Kevin Sutherland, Bar Harbor’s town manager, said local frustration with congestion was the chief propellent for the new ordinance that took effect Dec. 8, a move local businesses fighting the measure have said immediately renders the town an unviable destination port-of-call.
“What was Yogi Berra’s statement?’’ Sutherland asked when I stopped by for a visit the other day. “ ‘This place is too crowded. Nobody goes there anymore’? That’s what this is all about really.’’
It’s been a long and interesting municipal journey, he said.
“For years, if you look at the cruise ship visits from the early 2000s, this community embraced and actually went out and asked the cruise ships to start doing tours in the Northeast,’’ Sutherland said.
But over time, some residents say, it has all become simply overwhelming.
“It’s harder to get to the grocery store,’’ said Sutherland, voicing the view of opponents. “It’s harder to get to the post office. If I needed something off Main Street or I wanted to go out for dinner with my family, I might be waiting in line. If you’re a resident of a town of 5,000, it seems like a challenge.’’
And there’s a lot at stake. The town receives passenger fees. If a 2,000-passenger boat shows up, the town collects about $5 per lower-berth capacity of that boat.
“So, the town gets $10,000 for that boat,’’ he said, noting that amounts to a million dollars a year.
“A million dollars has a big impact on our ability to hire a harbor master and his staff,’’ Sutherland said. “It allows us to address some of our capital needs. It takes care of our sidewalk work. It takes care of some of our downtown aesthetics.’’
To say it’s the talk of the town would be an understatement, he said.
“This is the only thing I’ve been dealing with for almost a year,’’ Sutherland told me. “I’ve done a lot for this town. We — the Council and I — have done a lot to address what the town needs. But this has risen to a level of conversation and concern beyond any other item.’’
Kristi Bond has heard those conversations and weighed those concerns.
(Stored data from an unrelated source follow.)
(* There is an absolute constant $c>0$ such that the following holds. Let $0<\alpha<1$, $\zeta>0$, and let $p(z)$ be a monic polynomial of degree $n$ with distinct roots $\lambda_1,\dots,\lambda_n$, all of modulus less than $\alpha$, and let $\Gamma=\Gamma(p)$. Then there exist an integer $d$ with $0\le d\le c\left(1+\max\left\{\frac{1}{1-\alpha}\log\frac{\Gamma}{(1-\alpha)\zeta},0\right\}\right)$ and a polynomial $h(z)$ of degree $d$ with leading coefficient $1$ such that for all $z\in\mathbb{C}$ with $|z|=1$, $$\left|\frac{z^{n+d}}{p(z)}-h(z)\right|\le\zeta.$$
   Context: For a polynomial $h$ of degree $n$ with distinct roots $\lambda_1,\dots,\lambda_n$ inside the unit circle, $\Gamma(h)=\sum_{j=1}^n\left|\frac{\lambda_j^n}{\prod_{i\ne j}(\lambda_i-\lambda_j)}\right|$. *)

theory Defs
  imports "HOL-Analysis.Analysis" "HOL-Computational_Algebra.Polynomial"
begin

definition Gamma :: "complex poly \<Rightarrow> real" where
  "Gamma h = (\<Sum>lj\<in>{z. poly h z = 0}.
      cmod (lj ^ degree h / (\<Prod>li\<in>{z. poly h z = 0} - {lj}. (li - lj))))"

end

theory Submission
  imports Defs
begin

(* Write z^(n+d) = h p + r with deg r < n.  Since r agrees with z^(n+d) at the roots, partial
   fractions give z^(n+d)/p - h = r/p = \<Sum>\<^sub>j \<lambda>\<^sub>j^(n+d) / (p'(\<lambda>\<^sub>j) (z - \<lambda>\<^sub>j)).  For |z| = 1 the j-th
   term is at most \<alpha>^d/(1 - \<alpha>) times the j-th term of \<Gamma>(p), and \<alpha>^d \<le> exp(-d(1 - \<alpha>)), so the
   error is at most \<zeta> once d \<ge> log(\<Gamma>/((1 - \<alpha>)\<zeta>))/(1 - \<alpha>); thus c = 1 works. *)

lemma degree_prod_linear_factors:
  fixes R :: "'a::idom set"
  shows "degree (\<Prod>i\<in>R. [:-i, 1:]) = card R"
  by (cases "finite R") (simp_all add: degree_prod_eq_sum_degree)

lemma lagrange_interpolation:
  fixes R :: "'a::field set" and q :: "'a poly"
  assumes fin: "finite R" and deg: "degree q < card R"
  shows "q = (\<Sum>j\<in>R. smult (poly q j / (\<Prod>i\<in>R-{j}. (j - i))) (\<Prod>i\<in>R-{j}. [:-i, 1:]))"
    (is "q = ?L")
proof (rule poly_eqI_degree)
  fix k assume k: "k \<in> R"
  have "poly ?L k = (\<Sum>j\<in>R. poly q j / (\<Prod>i\<in>R-{j}. (j - i)) * (\<Prod>i\<in>R-{j}. (k - i)))"
    by (simp add: poly_sum poly_prod)
  also have "\<dots> = poly q k / (\<Prod>i\<in>R-{k}. (k - i)) * (\<Prod>i\<in>R-{k}. (k - i))"
    using fin k by (subst sum.remove[OF fin k]) (auto intro!: sum.neutral prod_zero)
  also have "\<dots> = poly q k"
    using fin by (simp add: prod_zero_iff)
  finally show "poly q k = poly ?L k" ..
next
  have "degree ?L \<le> card R - 1"
    using fin by (intro degree_sum_le order.trans[OF degree_smult_le])
      (simp_all add: degree_prod_linear_factors)
  with deg show "degree ?L < card R" by linarith
qed (fact deg)

lemma partial_fraction_expansion:
  fixes R :: "'a::field set" and q :: "'a poly"
  assumes fin: "finite R" and deg: "degree q < card R" and z: "z \<notin> R"
  shows "poly q z / (\<Prod>i\<in>R. (z - i)) =
         (\<Sum>j\<in>R. poly q j / ((\<Prod>i\<in>R-{j}. (j - i)) * (z - j)))"
proof -
  have "poly q z / (\<Prod>i\<in>R. (z - i)) =
      (\<Sum>j\<in>R. poly q j / (\<Prod>i\<in>R-{j}. (j - i)) * (\<Prod>i\<in>R-{j}. (z - i)) / (\<Prod>i\<in>R. (z - i)))"
    by (subst lagrange_interpolation[OF fin deg])
      (simp add: poly_sum poly_prod sum_divide_distrib)
  also have "\<dots> = (\<Sum>j\<in>R. poly q j / ((\<Prod>i\<in>R-{j}. (j - i)) * (z - j)))"
  proof (rule sum.cong[OF refl])
    fix j assume j: "j \<in> R"
    have "(\<Prod>i\<in>R. (z - i)) = (z - j) * (\<Prod>i\<in>R-{j}. (z - i))"
      using fin j by (simp add: prod.remove)
    moreover have "(\<Prod>i\<in>R-{j}. (z - i)) \<noteq> 0" "z - j \<noteq> 0"
      using fin z j by (auto simp: prod_zero_iff)
    ultimately show "poly q j / (\<Prod>i\<in>R-{j}. (j - i)) * (\<Prod>i\<in>R-{j}. (z - i)) / (\<Prod>i\<in>R. (z - i)) =
        poly q j / ((\<Prod>i\<in>R-{j}. (j - i)) * (z - j))"
      by simp
  qed
  finally show ?thesis .
qed

lemma monic_eq_prod_roots:
  fixes p :: "'a::idom poly"
  assumes lc: "lead_coeff p = 1" and card: "card {z. poly p z = 0} = degree p"
  shows "p = (\<Prod>i\<in>{z. poly p z = 0}. [:-i, 1:])" (is "p = ?Q")
proof (rule poly_eqI_degree_lead_coeff)
  have deg: "degree ?Q = degree p"
    using card by (simp add: degree_prod_linear_factors)
  then show "degree ?Q \<le> degree p"
    by simp
  have "lead_coeff ?Q = 1"
    by (simp add: lead_coeff_prod)
  with lc deg show "coeff p (degree p) = coeff ?Q (degree p)"
    by simp
  have "finite {z. poly p z = 0}"
    using lc by (intro poly_roots_finite) auto
  then show "poly p z = poly ?Q z" if "z \<in> {z. poly p z = 0}" for z
    using that by (auto simp: poly_prod intro: prod_zero)
qed (use card in auto)

lemma degree_lead_coeff_div:
  fixes x p :: "'a::field poly"
  assumes p: "p \<noteq> 0" and deg: "degree p \<le> degree x"
  shows "degree (x div p) = degree x - degree p"
    and "lead_coeff (x div p) = lead_coeff x / lead_coeff p"
proof -
  have div_mult: "x div p * p = x - x mod p"
    by (simp add: minus_mod_eq_div_mult)
  have "degree (x - x mod p) = degree x \<and> lead_coeff (x - x mod p) = lead_coeff x"
  proof (cases "x mod p = 0")
    case False
    then have "degree (x mod p) < degree x"
      using degree_mod_less'[OF p False] deg by linarith
    moreover have "x - x mod p = - (x mod p) + x"
      by simp
    ultimately show ?thesis
      using lead_coeff_add_le[of "- (x mod p)" x] degree_add_eq_right[of "- (x mod p)" x] by simp
  qed simp
  then have dx: "degree (x div p * p) = degree x" and lx: "lead_coeff (x div p * p) = lead_coeff x"
    unfolding div_mult by blast+
  show "degree (x div p) = degree x - degree p"
    using dx p by (cases "x div p = 0") (simp_all add: degree_mult_eq)
  show "lead_coeff (x div p) = lead_coeff x / lead_coeff p"
    using lx p by (simp add: lead_coeff_mult eq_divide_eq)
qed

(* x mod p agrees with x on R and has degree below card R, so it is the Lagrange interpolant of x on R. *)
lemma poly_div_error_partial_fractions:
  fixes R :: "'a::field set" and x p :: "'a poly"
  assumes fin: "finite R" and p: "p = (\<Prod>i\<in>R. [:-i, 1:])" and z: "z \<notin> R"
  shows "poly x z / poly p z - poly (x div p) z =
         (\<Sum>j\<in>R. poly x j / ((\<Prod>i\<in>R-{j}. (j - i)) * (z - j)))"
proof -
  have pz: "poly p z = (\<Prod>i\<in>R. (z - i))"
    by (simp add: p poly_prod)
  have decomp: "poly x w = poly (x div p) w * poly p w + poly (x mod p) w" for w
    by (metis div_mult_mod_eq poly_add poly_mult)
  have "poly p z \<noteq> 0"
    using fin z by (simp add: pz prod_zero_iff)
  then have lhs: "poly x z / poly p z - poly (x div p) z = poly (x mod p) z / poly p z"
    by (simp add: decomp field_simps)
  have "poly x j = poly (x mod p) j" if "j \<in> R" for j
    using fin that by (simp add: decomp p poly_prod prod_zero_iff)
  then have rhs: "(\<Sum>j\<in>R. poly x j / ((\<Prod>i\<in>R-{j}. (j - i)) * (z - j))) =
      (\<Sum>j\<in>R. poly (x mod p) j / ((\<Prod>i\<in>R-{j}. (j - i)) * (z - j)))"
    by simp
  show ?thesis
  proof (cases "x mod p = 0")
    case False
    have "degree (x mod p) < card R"
      using degree_mod_less'[OF _ False] fin by (simp add: p degree_prod_linear_factors prod_zero_iff)
    then show ?thesis
      unfolding lhs rhs unfolding pz by (rule partial_fraction_expansion[OF fin _ z])
  qed (simp add: lhs rhs)
qed

lemma norm_partial_fraction_term_le:
  fixes j z P :: complex and \<alpha> :: real
  assumes j: "cmod j \<le> \<alpha>" and \<alpha>: "\<alpha> < 1" and z: "1 \<le> cmod z"
  shows "cmod (j ^ (n + d) / (P * (z - j))) \<le> \<alpha> ^ d / (1 - \<alpha>) * cmod (j ^ n / P)"
proof (cases "P = 0")
  case False
  have "0 \<le> \<alpha>"
    using j by (meson norm_ge_zero order_trans)
  have "cmod (j ^ (n + d) / (P * (z - j))) = cmod j ^ n * cmod j ^ d / (cmod P * cmod (z - j))"
    by (simp add: norm_divide norm_mult norm_power power_add)
  also have "\<dots> \<le> cmod j ^ n * \<alpha> ^ d / (cmod P * (1 - \<alpha>))"
  proof (rule frac_le)
    show "cmod j ^ n * cmod j ^ d \<le> cmod j ^ n * \<alpha> ^ d"
      using j by (intro mult_left_mono power_mono) auto
    show "cmod P * (1 - \<alpha>) \<le> cmod P * cmod (z - j)"
      using norm_triangle_ineq2[of z j] j z by (intro mult_left_mono) auto
  qed (use False \<alpha> \<open>0 \<le> \<alpha>\<close> in auto)
  also have "\<dots> = \<alpha> ^ d / (1 - \<alpha>) * cmod (j ^ n / P)"
    by (simp add: norm_divide norm_power mult_ac)
  finally show ?thesis .
qed simp

lemma norm_monom_div_error_le:
  fixes p :: "complex poly" and \<alpha> :: real
  assumes lc: "lead_coeff p = 1" and card: "card {z. poly p z = 0} = degree p"
    and roots: "\<And>w. poly p w = 0 \<Longrightarrow> cmod w \<le> \<alpha>" and \<alpha>: "\<alpha> < 1" and z: "1 \<le> cmod z"
  shows "cmod (z ^ (degree p + d) / poly p z - poly (monom 1 (degree p + d) div p) z)
           \<le> \<alpha> ^ d / (1 - \<alpha>) * Gamma p"
proof -
  define R where "R = {z. poly p z = 0}"
  define n where "n = degree p"
  have fin: "finite R"
    using lc unfolding R_def by (intro poly_roots_finite) auto
  have zR: "z \<notin> R"
    using roots[of z] \<alpha> z unfolding R_def by force
  have "z ^ (n + d) / poly p z - poly (monom 1 (n + d) div p) z =
      (\<Sum>j\<in>R. j ^ (n + d) / ((\<Prod>i\<in>R-{j}. (j - i)) * (z - j)))"
    using poly_div_error_partial_fractions[OF fin monic_eq_prod_roots[OF lc card, folded R_def] zR,
        where x = "monom 1 (n + d)"]
    by (simp add: poly_monom)
  then have "cmod (z ^ (n + d) / poly p z - poly (monom 1 (n + d) div p) z)
      \<le> (\<Sum>j\<in>R. cmod (j ^ (n + d) / ((\<Prod>i\<in>R-{j}. (j - i)) * (z - j))))"
    by (simp add: norm_sum)
  also have "\<dots> \<le> (\<Sum>j\<in>R. \<alpha> ^ d / (1 - \<alpha>) * cmod (j ^ n / (\<Prod>i\<in>R-{j}. (j - i))))"
    using roots \<alpha> z by (intro sum_mono norm_partial_fraction_term_le) (auto simp: R_def)
  also have "\<dots> = \<alpha> ^ d / (1 - \<alpha>) * Gamma p"
    by (simp add: Gamma_def R_def n_def sum_distrib_left norm_divide norm_power
        prod_norm[symmetric] norm_minus_commute)
  finally show ?thesis
    by (simp add: n_def)
qed

lemma power_le_exp_neg:
  fixes \<alpha> :: real
  assumes "0 \<le> \<alpha>"
  shows "\<alpha> ^ d \<le> exp (- real d * (1 - \<alpha>))"
proof -
  have "\<alpha> ^ d \<le> exp (\<alpha> - 1) ^ d"
    using assms exp_ge_add_one_self[of "\<alpha> - 1"] by (intro power_mono) auto
  then show ?thesis
    by (simp add: exp_of_nat_mult[symmetric] algebra_simps)
qed

lemma geometric_error_le:
  fixes \<alpha> \<zeta> G :: real
  assumes \<alpha>: "0 \<le> \<alpha>" "\<alpha> < 1" and \<zeta>: "0 < \<zeta>" and G: "0 < G"
    and d: "ln (G / ((1 - \<alpha>) * \<zeta>)) / (1 - \<alpha>) \<le> real d"
  shows "\<alpha> ^ d / (1 - \<alpha>) * G \<le> \<zeta>"
proof -
  define K where "K = G / ((1 - \<alpha>) * \<zeta>)"
  have K: "0 < K"
    using \<alpha> \<zeta> G by (simp add: K_def)
  have "\<alpha> ^ d \<le> exp (- real d * (1 - \<alpha>))"
    using \<alpha>(1) by (rule power_le_exp_neg)
  also have "\<dots> \<le> exp (- ln K)"
    using d \<alpha> by (simp add: K_def pos_divide_le_eq)
  also have "\<dots> = (1 - \<alpha>) * \<zeta> / G"
    using K by (simp add: exp_minus K_def)
  finally show ?thesis
    using \<alpha> G by (simp add: field_simps)
qed

theorem lemma5p5:
  "\<exists>c::real. c > 0 \<and>
     (\<forall>(\<alpha>::real) (\<zeta>::real) (p::complex poly).
        0 < \<alpha> \<and> \<alpha> < 1 \<and> \<zeta> > 0 \<and> lead_coeff p = 1 \<and>
        card {z. poly p z = 0} = degree p \<and>
        (\<forall>z. poly p z = 0 \<longrightarrow> cmod z < \<alpha>) \<longrightarrow>
        (\<exists>(d::nat) (h::complex poly).
           real d \<le> c * (1 + max ((1 / (1 - \<alpha>)) * ln (Gamma p / ((1 - \<alpha>) * \<zeta>))) 0) \<and>
           degree h = d \<and> lead_coeff h = 1 \<and>
           (\<forall>z. cmod z = 1 \<longrightarrow>
              cmod (z ^ (degree p + d) / poly p z - poly h z) \<le> \<zeta>)))"
proof (intro exI[of _ "1::real"] conjI allI impI)
  fix \<alpha> \<zeta> :: real and p :: "complex poly"
  assume "0 < \<alpha> \<and> \<alpha> < 1 \<and> \<zeta> > 0 \<and> lead_coeff p = 1 \<and> card {z. poly p z = 0} = degree p \<and>
    (\<forall>z. poly p z = 0 \<longrightarrow> cmod z < \<alpha>)"
  then have \<alpha>: "0 < \<alpha>" "\<alpha> < 1" and \<zeta>: "0 < \<zeta>" and lc: "lead_coeff p = 1"
    and card: "card {z. poly p z = 0} = degree p" and roots: "\<And>w. poly p w = 0 \<Longrightarrow> cmod w \<le> \<alpha>"
    by (auto intro: less_imp_le)
  let ?M = "max ((1 / (1 - \<alpha>)) * ln (Gamma p / ((1 - \<alpha>) * \<zeta>))) 0"
  define d where "d = nat \<lceil>?M\<rceil>"
  define h where "h = monom 1 (degree p + d) div p"
  have "real d = of_int \<lceil>?M\<rceil>"
    by (simp add: d_def)
  then have d: "?M \<le> real d" "real d \<le> 1 + ?M"
    using le_of_int_ceiling[of ?M] of_int_ceiling_le_add_one[of ?M] by linarith+
  have "p \<noteq> 0"
    using lc by auto
  then have "degree h = d" "lead_coeff h = 1"
    using degree_lead_coeff_div[of p "monom 1 (degree p + d)"] lc by (simp_all add: h_def degree_monom_eq)
  moreover have "cmod (z ^ (degree p + d) / poly p z - poly h z) \<le> \<zeta>" if "cmod z = 1" for z
  proof -
    have "Gamma p \<ge> 0"
      by (simp add: Gamma_def sum_nonneg)
    then have "\<alpha> ^ d / (1 - \<alpha>) * Gamma p \<le> \<zeta>"
      using \<alpha> \<zeta> d(1) geometric_error_le[of \<alpha> \<zeta> "Gamma p" d]
      by (cases "Gamma p = 0") auto
    moreover have "cmod (z ^ (degree p + d) / poly p z - poly h z) \<le> \<alpha> ^ d / (1 - \<alpha>) * Gamma p"
      unfolding h_def by (rule norm_monom_div_error_le[OF lc card]) (use roots \<alpha> that in auto)
    ultimately show ?thesis
      by linarith
  qed
  ultimately show "\<exists>d h. real d \<le> 1 * (1 + ?M) \<and> degree h = d \<and> lead_coeff h = 1 \<and>
      (\<forall>z. cmod z = 1 \<longrightarrow> cmod (z ^ (degree p + d) / poly p z - poly h z) \<le> \<zeta>)"
    using d(2) by auto
qed simp

end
“The post office, the grocery store, the drug store — those places are getting an influx of business as well,’’ she said. “The taxis. You name it. They’re all getting business from anybody who comes here. Whether they come in a car or a bus or however they came.
“But what we know from the past is that the shoulder seasons are the hardest to attract guests. And that’s why in the 1990s the town went out and tried to figure out a way to get more people here in the shoulder season. And the cruise ships started coming here.’’
All of that is now on the local agenda, the topic of dinner-table conversations, fodder for urgent debate.
“I’m not a sky’s-the-limit person,’’ Kevin DesVeaux at the West Street Café told me. “I realize you can’t have three cruise ships in the harbor. It doesn’t work well. I’m for reasonable limits. Putting two, 5,000-passenger cruise ships in the harbor is just not going to work for anybody.
“But the numbers that the cruise ship committee came up with were working well before this petition came along. And the town was handling that well.’’
But now, new rules are on the book.
And those behind the counters and at the cash registers of local businesses say Bar Harbor’s economic future is hanging in the balance.